# I NEED them to stop jumping on furniture



## Lisa1970 (Jan 18, 2009)

DS7 and DS4 will NOT stop jumping on furniture for anything. The whole thing is massively out of control. Every chance they get, they run in to my bedroom and rip every blanket and pillow off and jump on my bed. Twice in the last couple weeks, they had friends over and repeated. I do not even want their friends in my bedroom let alone ripping apart my bed and jumping on it! My mattress is pretty well destroyed and I am having back problems. I do not dare replace the 5 yr old expensive mattress because I know they will just keep jumping. Then last night, again, ds4 was jumping on the couch and I removed him and the moment I turned away, he jumped up laughing and got on to the back of the couch and fell off, hard, on to the wood floor. He ended up with a huge bump on his head and I am shocked he was not hurt more seriously. But guess what? He was back to jumping on my bed today. Also, the couch is 1.5 yrs old and already has little tears on it.
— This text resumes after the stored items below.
(* Let $G=([n],E)$ be any graph and $F$ any atomless distribution on $[0,\infty)$. For every price vector $\mathbf{p}=(p_1,\dots,p_n)$ with $p_i>0$ and every equilibrium $\mathbf{T}\in\mathcal{N}_{\mathbf{p}}$, $$\mathcal{R}(\mathbf{p},\mathbf{T})\le \mathbb{E}\Big[\max_{I\subseteq[n]\text{ independent in }G}\ \sum_{i\in I} v_i\Big],$$ where $v_1,\dots,v_n$ are i.i.d. with distribution $F$.
   Context: Public-goods pricing game: there are $n$ buyers, the vertices of an undirected graph $G=([n],E)$; $N(i)=\{j:(i,j)\in E\}$ (so $i\notin N(i)$). Buyer $i$ has private value $v_i$; the $v_i$ are i.i.d. with atomless cumulative distribution function $F$ on $[0,\infty)$, extended by $F(\infty)=1$. If $S$ is the set of buyers who purchase and $\pi_i$ is $i$'s payment, $i$'s utility is $v_i-\pi_i$ if $i\in S$ or $S\cap N(i)\neq\emptyset$, and $-\pi_i$ otherwise; a buyer pays $p_i$ iff he purchases. An equilibrium for the price vector $\mathbf{p}$ is a threshold vector $\mathbf{T}=(T_1,\dots,T_n)\in[0,\infty]^n$ (buyer $i$ purchases iff $v_i\ge T_i$) satisfying $T_i=p_i/\prod_{j\in N(i)}F(T_j)$ for all $i$ (convention $c/0=\infty$ for $c>0$). $\mathcal{N}_{\mathbf{p}}$ denotes the set of equilibria. The expected revenue is $\mathcal{R}(\mathbf{p},\mathbf{T})=\sum_i p_i(1-F(T_i))$. *)

theory Defs
  imports "HOL-Probability.Probability"
begin

definition undirected_graph :: "nat \<Rightarrow> (nat \<Rightarrow> nat \<Rightarrow> bool) \<Rightarrow> bool" where
  "undirected_graph n E \<longleftrightarrow> (\<forall>i<n. \<forall>j<n. E i j \<longleftrightarrow> E j i) \<and> (\<forall>i<n. \<not> E i i)"

definition nbrs :: "nat \<Rightarrow> (nat \<Rightarrow> nat \<Rightarrow> bool) \<Rightarrow> nat \<Rightarrow> nat set" where
  "nbrs n E i = {j. j < n \<and> E i j}"

definition independent_set :: "nat \<Rightarrow> (nat \<Rightarrow> nat \<Rightarrow> bool) \<Rightarrow> nat set \<Rightarrow> bool" where
  "independent_set n E I \<longleftrightarrow> I \<subseteq> {..<n} \<and> (\<forall>i\<in>I. \<forall>j\<in>I. \<not> E i j)"

definition Fext :: "real measure \<Rightarrow> ennreal \<Rightarrow> real" where
  "Fext M t = (if t = \<infinity> then 1 else cdf M (enn2real t))"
DH wants us to spank. I just want all this to end without spanking. Help!


----------



## orangefoot (Oct 8, 2004)

Do they have other opportunities for bouncing and jumping around? if you can offer them other times or places they can jump then you might have more luck enforcing this boundary.

We have a little trampette in the garden, the ones you get for doing exercises on from sports shops; do you have room for one of those? Are there walls to climb near your house or things to jump off in a park? Lots of boys just need to bounce or jump or feel physically challenged.


----------



## Lisa1970 (Jan 18, 2009)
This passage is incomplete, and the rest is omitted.